The AAP (2016) suggests families follow the digital-media guidelines listed below for children:

  • Birth to 18 months. Avoid digital-media use.
  • 18 to 24 months. Use only high-quality programming, and view the programming with your child. Try to avoid letting your child use digital media on their own.
  • 2 to 5 years. Limit screen time to 1 hour per day. Continue using only high-quality programming. Use media as an opportunity to discuss with your child what they are seeing and doing on screen; make connections, if possible, to the real world; and remind them the screen world is not reality.
  • 5 to 18 years. During these years, you should pay close attention to not just how much screen time your child gets but to when they are using screens. Ensure your child is getting a full night’s sleep (i.e., 9 – 12 hours a night for ages 6 – 12 and 8 – 10 hours a night for ages 13-18), and they are engaging in at least 1 hour of physical activity a day. In addition, you may wish to instill a “no screen time” directive during family mealtimes or other family times, like game night. Finally, help your child develop a period of “downtime” that does not involve screens, like taking a walk in the park, reading a book, or writing thoughts in a journal.

The AAP (2016) also suggests that families avoid fast-paced programs, programming that has violent subject matter, and applications that contain a lot of distracting content like flashing advertisements and excessive noise. Families should turn off devices if they are not in use and avoid using media as a way to calm their child. Furthermore, screens should not be in children’s bedrooms, and screen time before bedtime should be monitored and limited. Using screens immediately before bedtime can lead to sleep issues.

To help regulate screen time usage, families can create and download a Family Media Plan here.

Types of Screen Time

Not all screen time is bad. There are digital activities your child may engage in that are necessary and appropriate uses of technology. For example, with the increased use of digital devices within the classroom, your child may need to use a computer during school hours or use a tablet to complete their homework or read their assigned classwork materials. Additionally, an activity, like video chatting with an absent parent, a distant relative, or friends who have moved away, is a positive way to use technology. This type of use allows for social interaction even when there is a physical distance between a loved one and your child.
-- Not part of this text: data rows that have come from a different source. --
definition stage_word :: "nat \<Rightarrow> ('i, 'a) gword \<Rightarrow> bool" where
  "stage_word n w \<longleftrightarrow> word_vars w \<subseteq> I \<and> word_params w \<subseteq> carrier (G n)"

lemma stage_word_letters_in:
  assumes "stage_word n w" "carrier (G n) \<subseteq> S" "\<And>t. t \<in> I \<Longrightarrow> x t \<in> S"
  shows "letters_in I S x id w"
  unfolding letters_in_def
proof
  fix l assume l: "l \<in> set w"
  obtain v f where v: "l = (v, f)" by (cases l)
  show "case fst l of Inl t \<Rightarrow> t \<in> I \<and> x t \<in> S | Inr c \<Rightarrow> id c \<in> S"
  proof (cases v)
    case (Inl t)
    then have "t \<in> I" using l assms(1) by (auto simp: v stage_word_def word_vars_def)
    then show ?thesis using assms(3) by (simp add: v Inl)
  next
    case (Inr c)
    then have "c \<in> carrier (G n)" using l assms(1) by (auto simp: v stage_word_def word_params_def)
    then show ?thesis using assms(2) by (auto simp: v Inr)
  qed
qed

lemma stage_word_mono: "stage_word n w \<Longrightarrow> n \<le> m \<Longrightarrow> stage_word m w"
  using stage_mono[of n m] by (auto simp: stage_word_def)

lemma stage_word_drop_params: "stage_word n w \<Longrightarrow> stage_word n (drop_params w)"
  by (auto simp: stage_word_def word_vars_def word_params_def drop_params_def)

lemma a_in_union: "t \<in> I \<Longrightarrow> a t n \<in> carrier G\<omega>"
  using a_in by (auto simp: carrier_union)

lemma bprod_in: "t \<in> I \<Longrightarrow> bprod G a t n \<in> carrier (G (Suc n))"
proof (induction n)
  case (Suc n)
  then have "bprod G a t n \<in> carrier (G (Suc (Suc n)))"
    using stage_mono[of "Suc n" "Suc (Suc n)"] by auto
  then show ?case
    using Suc a_in group.subgroup_self[OF group_stage] by (auto intro: subgroup.m_closed)
qed (simp add: a_in)

lemma bprod_in_union: "t \<in> I \<Longrightarrow> bprod G a t n \<in> carrier G\<omega>"
  using bprod_in by (auto simp: carrier_union)

definition bprev :: "nat \<Rightarrow> 'i \<Rightarrow> 'a" where
  "bprev n t = (case n of 0 \<Rightarrow> \<one>\<^bsub>G\<omega>\<^esub> | Suc k \<Rightarrow> bprod G a t k)"

lemma bprev_in: "t \<in> I \<Longrightarrow> bprev n t \<in> carrier (G n)"
  using group.subgroup_self[OF group_stage] bprod_in
  by (cases n) (auto simp: bprev_def union_one[of 0] intro: subgroup.one_closed)

lemma bprod_eq_bprev_mult: "t \<in> I \<Longrightarrow> bprod G a t n = bprev n t \<otimes>\<^bsub>G\<omega>\<^esub> a t n"
  using monoid.l_one[OF group.is_monoid[OF group_union] a_in_union]
  by (cases n) (simp_all add: bprev_def union_mult[of _ _ "Suc n"])

definition bval :: "nat \<Rightarrow> ('i, 'a) gword \<Rightarrow> 'a" where
  "bval n w = word_val G\<omega> (\<lambda>t. bprod G a t n) id w"

lemma bval_split:
  assumes "stage_word n w"
  shows "bval n w = word_val G\<omega> (bprev n) id w
                    \<otimes>\<^bsub>G\<omega>\<^esub> word_val G\<omega> (\<lambda>t. a t n) id (drop_params w)"
  unfolding bval_def
proof (rule group.word_val_split_commuting[OF group_union subgroup_stage])
  show "letters_in I (carrier (G n)) (bprev n) id w"
    by (rule stage_word_letters_in[OF assms order_refl bprev_in])
  show "\<And>t. t \<in> I \<Longrightarrow> a t n \<in> carrier G\<omega>" by (rule a_in_union)
  show "\<And>t s. t \<in> I \<Longrightarrow> s \<in> carrier (G n) \<Longrightarrow>
          a t n \<otimes>\<^bsub>G\<omega>\<^esub> s = s \<otimes>\<^bsub>G\<omega>\<^esub> a t n"
    using a_commute by (simp add: union_mult[of _ _ "Suc n"])
qed (rule bprod_eq_bprev_mult)

lemma word_val_bprev_in: "stage_word n w \<Longrightarrow> word_val G\<omega> (bprev n) id w \<in> carrier (G n)"
  using bprev_in
  by (intro group.word_val_in_subgroup[OF group_union subgroup_stage, of I])
    (auto intro: stage_word_letters_in)

lemma word_val_a_in_generate:
  "stage_word n w \<Longrightarrow>
   word_val G\<omega> (\<lambda>t. a t n) id (drop_params w) \<in> generate G\<omega> ((\<lambda>t. a t n) ` I)"
  by (intro group.drop_params_in_generate[OF group_union]) (simp add: stage_word_def)

lemma generate_a_inter_stage:
  "generate G\<omega> ((\<lambda>t. a t n) ` I) \<inter> carrier (G n) = {\<one>\<^bsub>G\<omega>\<^esub>}"
  using beta[of n] generate_stage[of "(\<lambda>t. a t n) ` I" "Suc n"] a_in by (auto simp: union_one[of n])

lemma bval_eq_one_split_iff:
  assumes "stage_word n w"
  shows "bval n w = \<one>\<^bsub>G\<omega>\<^esub> \<longleftrightarrow>
           word_val G\<omega> (bprev n) id w = \<one>\<^bsub>G\<omega>\<^esub> \<and>
           word_val G\<omega> (\<lambda>t. a t n) id (drop_params w) = \<one>\<^bsub>G\<omega>\<^esub>"
proof -
  have "generate G\<omega> ((\<lambda>t. a t n) ` I) \<subseteq> carrier G\<omega>"
    by (rule group.generate_incl[OF group_union]) (auto intro: a_in_union)
  then show ?thesis
    using group.mult_eq_one_iff_inter_trivial[OF group_union subgroup_stage word_val_bprev_in[OF assms]
        word_val_a_in_generate[OF assms] _ generate_a_inter_stage]
    by (simp add: bval_split[OF assms])
qed

lemma a_word_eq_one_Suc:
  assumes "stage_word n u" "word_val G\<omega> (\<lambda>t. a t n) id u = \<one>\<^bsub>G\<omega>\<^esub>"
  shows "word_val G\<omega> (\<lambda>t. a t (Suc n)) id u = \<one>\<^bsub>G\<omega>\<^esub>"
proof -
  have stage: "word_val (G (Suc k)) (\<lambda>t. a t k) id u = word_val G\<omega> (\<lambda>t. a t k) id u"
    if "n \<le> k" for k
  proof (rule word_val_stage)
    show "letters_in I (carrier (G (Suc k))) (\<lambda>t. a t k) id u"
      using stage_word_mono[OF assms(1) that] stage_mono[of k "Suc k"] a_in
      by (intro stage_word_letters_in) auto
  qed
  have "(True, u) \<in> tp_bs I (carrier (G n)) (G (Suc n)) id (\<lambda>t. a t n)"
    using assms stage[of n] by (simp add: tp_bs_def stage_word_def union_one[of "Suc n"])
  then have "(True, u) \<in> tp_bs I (carrier (G (Suc n))) (G (Suc (Suc n))) id (\<lambda>t. a t (Suc n))"
    using alpha by blast
  then show ?thesis using stage[of "Suc n"] by (simp add: tp_bs_def union_one[of "Suc (Suc n)"])
qed

lemma bval_eq_one_Suc_iff:
  assumes w: "stage_word n w"
  shows "bval (Suc n) w = \<one>\<^bsub>G\<omega>\<^esub> \<longleftrightarrow> bval n w = \<one>\<^bsub>G\<omega>\<^esub>"
proof -
  have w': "stage_word (Suc n) w" using w by (rule stage_word_mono) simp
  have "bprev (Suc n) = (\<lambda>t. bprod G a t n)" by (simp add: bprev_def fun_eq_iff)
  then have "bval (Suc n) w = \<one>\<^bsub>G\<omega>\<^esub> \<longleftrightarrow> bval n w = \<one>\<^bsub>G\<omega>\<^esub> \<and>
      word_val G\<omega> (\<lambda>t. a t (Suc n)) id (drop_params w) = \<one>\<^bsub>G\<omega>\<^esub>"
    using bval_eq_one_split_iff[OF w'] by (simp add: bval_def)
  moreover have "bval n w = \<one>\<^bsub>G\<omega>\<^esub> \<Longrightarrow>
      word_val G\<omega> (\<lambda>t. a t n) id (drop_params w) = \<one>\<^bsub>G\<omega>\<^esub>"
    using bval_eq_one_split_iff[OF w] by simp
  ultimately show ?thesis using a_word_eq_one_Suc[OF stage_word_drop_params[OF w]] by blast
qed

lemma bval_eq_one_iff:
  assumes "stage_word n w" "n \<le> m"
  shows "bval m w = \<one>\<^bsub>G\<omega>\<^esub> \<longleftrightarrow> bval n w = \<one>\<^bsub>G\<omega>\<^esub>"
  using assms(2)
proof (induction m rule: dec_induct)
  case (step m)
  then show ?case using bval_eq_one_Suc_iff stage_word_mono[OF assms(1)] by blast
qed simp

lemma eventually_bval_eq_one_iff:
  assumes "stage_word n w"
  shows "(\<forall>\<^sub>F m in sequentially. bval m w = \<one>\<^bsub>G\<omega>\<^esub>) \<longleftrightarrow> bval n w = \<one>\<^bsub>G\<omega>\<^esub>"
proof
  assume "\<forall>\<^sub>F m in sequentially. bval m w = \<one>\<^bsub>G\<omega>\<^esub>"
  then obtain N where "\<And>m. N \<le> m \<Longrightarrow> bval m w = \<one>\<^bsub>G\<omega>\<^esub>"
    unfolding eventually_sequentially by blast
  then show "bval n w = \<one>\<^bsub>G\<omega>\<^esub>" using bval_eq_one_iff[OF assms, of "max N n"] by simp
next
  assume "bval n w = \<one>\<^bsub>G\<omega>\<^esub>"
  then show "\<forall>\<^sub>F m in sequentially. bval m w = \<one>\<^bsub>G\<omega>\<^esub>"
    using bval_eq_one_iff[OF assms] unfolding eventually_sequentially by blast
qed

end

section \<open>The limit group\<close>

text \<open>Elements g of G_omega (Inl g) become parameters and the new generators (Inr t)
  become the variables x_t.\<close>

definition list_word :: "('a + 'i) list \<Rightarrow> ('i, 'a) gword" where
  "list_word l = map (\<lambda>c. (case c of Inl g \<Rightarrow> Inr g | Inr t \<Rightarrow> Inl t, False)) l"

context increment_chain
begin

definition letters :: "('a + 'i) set" where
  "letters = Inl ` carrier G\<omega> \<union> Inr ` I"

definition stage_letters :: "nat \<Rightarrow> ('a + 'i) set" where
  "stage_letters n = Inl ` carrier (G n) \<union> Inr ` I"

lemma Inl_in_letters [simp]: "Inl g \<in> letters \<longleftrightarrow> g \<in> carrier G\<omega>"
  by (auto simp: letters_def)

lemma Inr_in_letters [simp]: "Inr t \<in> letters \<longleftrightarrow> t \<in> I"
  by (auto simp: letters_def)

lemma stage_letters_subset: "stage_letters n \<subseteq> letters"
  unfolding stage_letters_def letters_def carrier_union by blast

lemma finite_letters_stage:
  assumes "finite B" "B \<subseteq> letters"
  obtains n where "B \<subseteq> stage_letters n"
proof -
  have "finite (Inl -` B)" using assms(1) by (rule finite_vimageI) (simp add: inj_on_def)
  moreover have "Inl -` B \<subseteq> carrier G\<omega>" using assms(2) by (auto simp: letters_def)
  ultimately obtain n where "Inl -` B \<subseteq> carrier (G n)" using finite_subset_stage by blast
  have "c \<in> stage_letters n" if "c \<in> B" for c
  proof (cases c)
    case (Inl g)
    then show ?thesis using that \<open>Inl -` B \<subseteq> carrier (G n)\<close> by (auto simp: stage_letters_def)
  next
    case (Inr t)
    then show ?thesis using that assms(2) by (auto simp: letters_def stage_letters_def)
  qed
  then show thesis by (intro that subsetI)
qed

lemma stage_word_list_word: "l \<in> lists (stage_letters n) \<Longrightarrow> stage_word n (list_word l)"
  by (force simp: stage_word_def stage_letters_def list_word_def word_vars_def word_params_def)

lemma stage_word_append: "stage_word n (w @ w') \<longleftrightarrow> stage_word n w \<and> stage_word n w'"
  by (auto simp: stage_word_def word_vars_append word_params_append)

lemma stage_word_inv_word: "stage_word n (inv_word w) \<longleftrightarrow> stage_word n w"
  by (simp add: stage_word_def word_vars_inv_word word_params_inv_word)

definition list_val :: "nat \<Rightarrow> ('a + 'i) list \<Rightarrow> 'a" where
  "list_val n l = bval n (list_word l)"

lemma letters_in_list_word:
  "l \<in> lists letters \<Longrightarrow> letters_in I (carrier G\<omega>) (\<lambda>t. bprod G a t n) id (list_word l)"
  using bprod_in by (force simp: letters_in_def list_word_def letters_def carrier_union)

lemma list_val_closed: "l \<in> lists letters \<Longrightarrow> list_val n l \<in> carrier G\<omega>"
  unfolding list_val_def bval_def
  by (rule group.word_val_closed[OF group_union letters_in_list_word])

lemma list_val_Nil [simp]: "list_val n [] = \<one>\<^bsub>G\<omega>\<^esub>"
  by (simp add: list_val_def bval_def list_word_def)

lemma list_val_append:
  "l \<in> lists letters \<Longrightarrow> l' \<in> lists letters \<Longrightarrow> list_val n (l @ l') = list_val n l \<otimes>\<^bsub>G\<omega>\<^esub> list_val n l'"
  unfolding list_val_def bval_def list_word_def map_append
  by (rule group.word_val_append[OF group_union letters_in_list_word[unfolded list_word_def]])
    (auto intro: letters_in_list_word[unfolded list_word_def])

lemma list_val_letter_Inl: "g \<in> carrier G\<omega> \<Longrightarrow> list_val n [Inl g] = g"
  by (simp add: list_val_def bval_def list_word_def group.is_monoid[OF group_union])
Using digital media can have additional positive uses. For example, for children who struggle when interacting in social settings and communicating with others, like children with Autism, using digital media can help them manage their interactions and have downtime to handle daily, new, or even challenging situations.

Autism Spectrum Disorder

Children with Autism Spectrum Disorder (ASD) can have “significant social, communication, and behavioral challenges” (Indiana Resource Center for Autism, 2022). As a result, part of a child’s evidence-based communication and social intervention practices may include the following screen-related options (Lofland, 2014):

  • Video Modeling – records and displays a visual model of a targeted behavior or skill.
  • Picture Exchange Communication System (PECS) – teaches a child to communicate by exchanging a picture for the object they need or desire.
  • Voice Output Communication Aids (VOCA) – a portable electronic device that can generate a digital speech output.

Reminder: These types of screen time would not be included in the recommendations for limiting recreational screen time as they are used for daily functioning and communication.

Using Media Constructively

Children with ASD are at a higher risk for using technology in a way to “sensory-seek,” which means they use technology to view highly arousing or violent content in order to get enough sensory stimulation(Lane & Radesky, 2019). However, with the correct monitoring and use, parents can use recreational media in a constructive way for children affected by Autism. Please see below.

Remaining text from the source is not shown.